(Dataset items)
○ ○ ○ ○ ○

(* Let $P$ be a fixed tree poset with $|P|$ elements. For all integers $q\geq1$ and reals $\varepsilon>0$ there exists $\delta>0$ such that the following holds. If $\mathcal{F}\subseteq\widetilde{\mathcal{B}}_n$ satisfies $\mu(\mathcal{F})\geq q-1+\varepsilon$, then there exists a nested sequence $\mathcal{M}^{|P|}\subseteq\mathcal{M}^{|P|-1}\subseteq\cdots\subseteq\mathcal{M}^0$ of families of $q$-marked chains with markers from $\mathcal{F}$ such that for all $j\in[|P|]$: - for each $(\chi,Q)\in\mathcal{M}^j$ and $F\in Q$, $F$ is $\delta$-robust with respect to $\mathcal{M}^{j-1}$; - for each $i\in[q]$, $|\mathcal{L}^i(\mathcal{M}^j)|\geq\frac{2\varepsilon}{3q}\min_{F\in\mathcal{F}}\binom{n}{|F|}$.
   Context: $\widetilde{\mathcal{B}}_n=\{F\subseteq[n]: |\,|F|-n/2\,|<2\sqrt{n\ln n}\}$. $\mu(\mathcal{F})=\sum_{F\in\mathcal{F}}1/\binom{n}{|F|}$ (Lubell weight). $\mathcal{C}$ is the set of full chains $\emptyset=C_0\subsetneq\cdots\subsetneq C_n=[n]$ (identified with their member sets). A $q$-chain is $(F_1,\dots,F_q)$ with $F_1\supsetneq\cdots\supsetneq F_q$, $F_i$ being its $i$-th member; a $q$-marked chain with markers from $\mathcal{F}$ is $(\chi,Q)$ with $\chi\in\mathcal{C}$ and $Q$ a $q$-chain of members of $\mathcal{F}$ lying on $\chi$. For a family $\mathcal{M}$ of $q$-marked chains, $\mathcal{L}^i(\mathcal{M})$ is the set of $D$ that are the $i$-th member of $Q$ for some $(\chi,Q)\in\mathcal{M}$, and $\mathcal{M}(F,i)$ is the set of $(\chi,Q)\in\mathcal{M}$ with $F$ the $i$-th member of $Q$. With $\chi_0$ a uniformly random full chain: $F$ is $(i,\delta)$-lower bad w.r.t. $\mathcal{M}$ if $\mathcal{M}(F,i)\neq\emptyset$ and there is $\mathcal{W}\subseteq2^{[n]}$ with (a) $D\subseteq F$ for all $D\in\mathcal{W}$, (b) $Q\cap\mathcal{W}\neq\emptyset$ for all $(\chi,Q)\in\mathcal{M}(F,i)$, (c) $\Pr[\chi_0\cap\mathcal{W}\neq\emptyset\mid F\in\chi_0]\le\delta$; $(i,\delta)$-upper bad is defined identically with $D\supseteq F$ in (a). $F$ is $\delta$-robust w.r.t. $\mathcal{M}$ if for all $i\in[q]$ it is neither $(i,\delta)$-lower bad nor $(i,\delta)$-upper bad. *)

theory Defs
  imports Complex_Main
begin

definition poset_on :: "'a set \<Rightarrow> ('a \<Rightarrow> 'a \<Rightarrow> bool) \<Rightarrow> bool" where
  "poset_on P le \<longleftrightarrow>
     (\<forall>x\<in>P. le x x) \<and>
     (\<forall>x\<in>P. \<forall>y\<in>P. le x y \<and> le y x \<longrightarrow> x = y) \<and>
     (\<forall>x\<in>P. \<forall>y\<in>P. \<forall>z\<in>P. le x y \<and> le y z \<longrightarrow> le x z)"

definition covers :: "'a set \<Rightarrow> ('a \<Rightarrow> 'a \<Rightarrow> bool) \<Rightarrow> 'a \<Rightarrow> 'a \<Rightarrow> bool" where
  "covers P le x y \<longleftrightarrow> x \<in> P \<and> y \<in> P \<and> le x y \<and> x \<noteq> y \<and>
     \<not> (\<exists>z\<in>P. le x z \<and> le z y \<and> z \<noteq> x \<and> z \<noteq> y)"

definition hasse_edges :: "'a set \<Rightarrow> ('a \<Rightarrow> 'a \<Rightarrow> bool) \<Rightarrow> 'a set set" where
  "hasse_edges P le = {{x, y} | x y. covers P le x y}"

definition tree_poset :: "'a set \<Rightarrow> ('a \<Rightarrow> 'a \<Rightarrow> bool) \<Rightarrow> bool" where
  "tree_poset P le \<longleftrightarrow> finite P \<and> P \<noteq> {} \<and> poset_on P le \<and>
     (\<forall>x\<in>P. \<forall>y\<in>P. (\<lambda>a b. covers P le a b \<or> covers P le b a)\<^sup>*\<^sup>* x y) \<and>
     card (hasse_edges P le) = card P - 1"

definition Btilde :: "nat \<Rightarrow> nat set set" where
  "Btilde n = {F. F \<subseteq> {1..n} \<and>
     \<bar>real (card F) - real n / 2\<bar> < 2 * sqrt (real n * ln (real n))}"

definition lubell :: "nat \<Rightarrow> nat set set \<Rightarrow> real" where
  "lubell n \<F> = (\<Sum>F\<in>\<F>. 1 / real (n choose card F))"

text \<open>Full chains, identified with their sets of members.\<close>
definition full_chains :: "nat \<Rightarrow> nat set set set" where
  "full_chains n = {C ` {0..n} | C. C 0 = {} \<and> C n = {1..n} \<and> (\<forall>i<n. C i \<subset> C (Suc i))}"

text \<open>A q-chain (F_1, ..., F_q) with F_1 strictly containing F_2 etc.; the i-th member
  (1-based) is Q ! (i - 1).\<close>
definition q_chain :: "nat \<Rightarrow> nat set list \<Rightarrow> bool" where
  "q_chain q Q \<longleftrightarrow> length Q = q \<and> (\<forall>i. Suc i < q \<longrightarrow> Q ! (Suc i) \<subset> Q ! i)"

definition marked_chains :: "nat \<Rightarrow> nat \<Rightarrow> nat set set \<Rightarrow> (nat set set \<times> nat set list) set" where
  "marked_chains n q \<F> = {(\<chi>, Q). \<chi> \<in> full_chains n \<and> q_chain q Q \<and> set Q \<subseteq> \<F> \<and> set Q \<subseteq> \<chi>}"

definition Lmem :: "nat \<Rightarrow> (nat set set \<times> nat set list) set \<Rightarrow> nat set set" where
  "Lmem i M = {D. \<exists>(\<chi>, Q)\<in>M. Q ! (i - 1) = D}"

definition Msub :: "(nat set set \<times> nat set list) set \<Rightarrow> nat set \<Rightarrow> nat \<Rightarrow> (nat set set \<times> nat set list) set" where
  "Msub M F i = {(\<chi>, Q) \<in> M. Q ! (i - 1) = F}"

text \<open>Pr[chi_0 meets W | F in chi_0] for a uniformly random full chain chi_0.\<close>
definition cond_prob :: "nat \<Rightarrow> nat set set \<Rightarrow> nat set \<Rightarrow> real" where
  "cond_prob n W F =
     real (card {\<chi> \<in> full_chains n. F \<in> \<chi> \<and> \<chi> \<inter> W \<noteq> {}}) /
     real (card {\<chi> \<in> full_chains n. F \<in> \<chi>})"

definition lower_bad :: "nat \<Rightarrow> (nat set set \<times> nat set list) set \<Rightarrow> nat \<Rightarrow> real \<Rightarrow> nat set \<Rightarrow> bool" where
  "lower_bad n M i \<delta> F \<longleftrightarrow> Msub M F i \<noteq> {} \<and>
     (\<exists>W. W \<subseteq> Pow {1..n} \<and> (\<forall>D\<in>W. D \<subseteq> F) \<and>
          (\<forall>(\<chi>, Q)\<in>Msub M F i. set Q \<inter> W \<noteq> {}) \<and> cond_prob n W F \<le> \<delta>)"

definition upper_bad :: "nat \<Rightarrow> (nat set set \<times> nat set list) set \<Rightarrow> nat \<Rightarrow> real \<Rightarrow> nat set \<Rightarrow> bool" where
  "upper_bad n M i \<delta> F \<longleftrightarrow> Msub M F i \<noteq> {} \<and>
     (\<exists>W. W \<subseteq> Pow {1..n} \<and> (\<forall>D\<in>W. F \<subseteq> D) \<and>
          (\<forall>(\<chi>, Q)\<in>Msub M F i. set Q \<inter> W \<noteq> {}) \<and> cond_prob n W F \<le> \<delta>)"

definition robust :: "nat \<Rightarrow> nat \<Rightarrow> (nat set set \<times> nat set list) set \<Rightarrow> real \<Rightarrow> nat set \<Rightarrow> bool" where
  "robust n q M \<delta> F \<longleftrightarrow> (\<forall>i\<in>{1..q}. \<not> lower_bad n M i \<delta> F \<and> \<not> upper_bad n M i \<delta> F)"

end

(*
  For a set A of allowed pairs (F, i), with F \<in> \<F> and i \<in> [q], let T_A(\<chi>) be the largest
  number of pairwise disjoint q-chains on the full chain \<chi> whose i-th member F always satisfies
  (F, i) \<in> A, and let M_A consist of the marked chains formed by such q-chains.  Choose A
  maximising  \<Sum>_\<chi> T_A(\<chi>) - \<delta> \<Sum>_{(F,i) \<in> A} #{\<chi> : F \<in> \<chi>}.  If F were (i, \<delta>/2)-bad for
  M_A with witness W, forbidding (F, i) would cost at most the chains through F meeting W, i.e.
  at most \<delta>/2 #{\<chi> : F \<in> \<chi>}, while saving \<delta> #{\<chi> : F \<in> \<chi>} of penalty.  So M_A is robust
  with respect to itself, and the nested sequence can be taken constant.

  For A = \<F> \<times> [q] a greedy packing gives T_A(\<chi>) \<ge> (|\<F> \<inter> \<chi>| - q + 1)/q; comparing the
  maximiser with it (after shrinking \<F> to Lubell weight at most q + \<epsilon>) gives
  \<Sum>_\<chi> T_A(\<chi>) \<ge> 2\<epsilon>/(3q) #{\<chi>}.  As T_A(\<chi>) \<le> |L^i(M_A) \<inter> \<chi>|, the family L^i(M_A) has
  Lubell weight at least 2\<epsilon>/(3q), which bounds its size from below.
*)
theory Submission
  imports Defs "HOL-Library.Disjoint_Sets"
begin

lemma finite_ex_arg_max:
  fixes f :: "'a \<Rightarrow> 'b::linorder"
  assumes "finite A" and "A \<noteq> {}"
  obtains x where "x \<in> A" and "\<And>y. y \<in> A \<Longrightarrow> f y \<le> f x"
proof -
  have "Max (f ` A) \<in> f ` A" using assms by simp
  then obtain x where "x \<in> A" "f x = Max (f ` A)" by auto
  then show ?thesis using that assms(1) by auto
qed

○ ○ ○ ○ ○

Reproduce the entries above exactly, but only the lines between the line holding "number of pairwise" and the line holding "M_A with witness", inclusive.

  number of pairwise disjoint q-chains on the full chain \<chi> whose i-th member F always satisfies
  (F, i) \<in> A, and let M_A consist of the marked chains formed by such q-chains.  Choose A
  maximising  \<Sum>_\<chi> T_A(\<chi>) - \<delta> \<Sum>_{(F,i) \<in> A} #{\<chi> : F \<in> \<chi>}.  If F were (i, \<delta>/2)-bad for
  M_A with witness W, forbidding (F, i) would cost at most the chains through F meeting W, i.e.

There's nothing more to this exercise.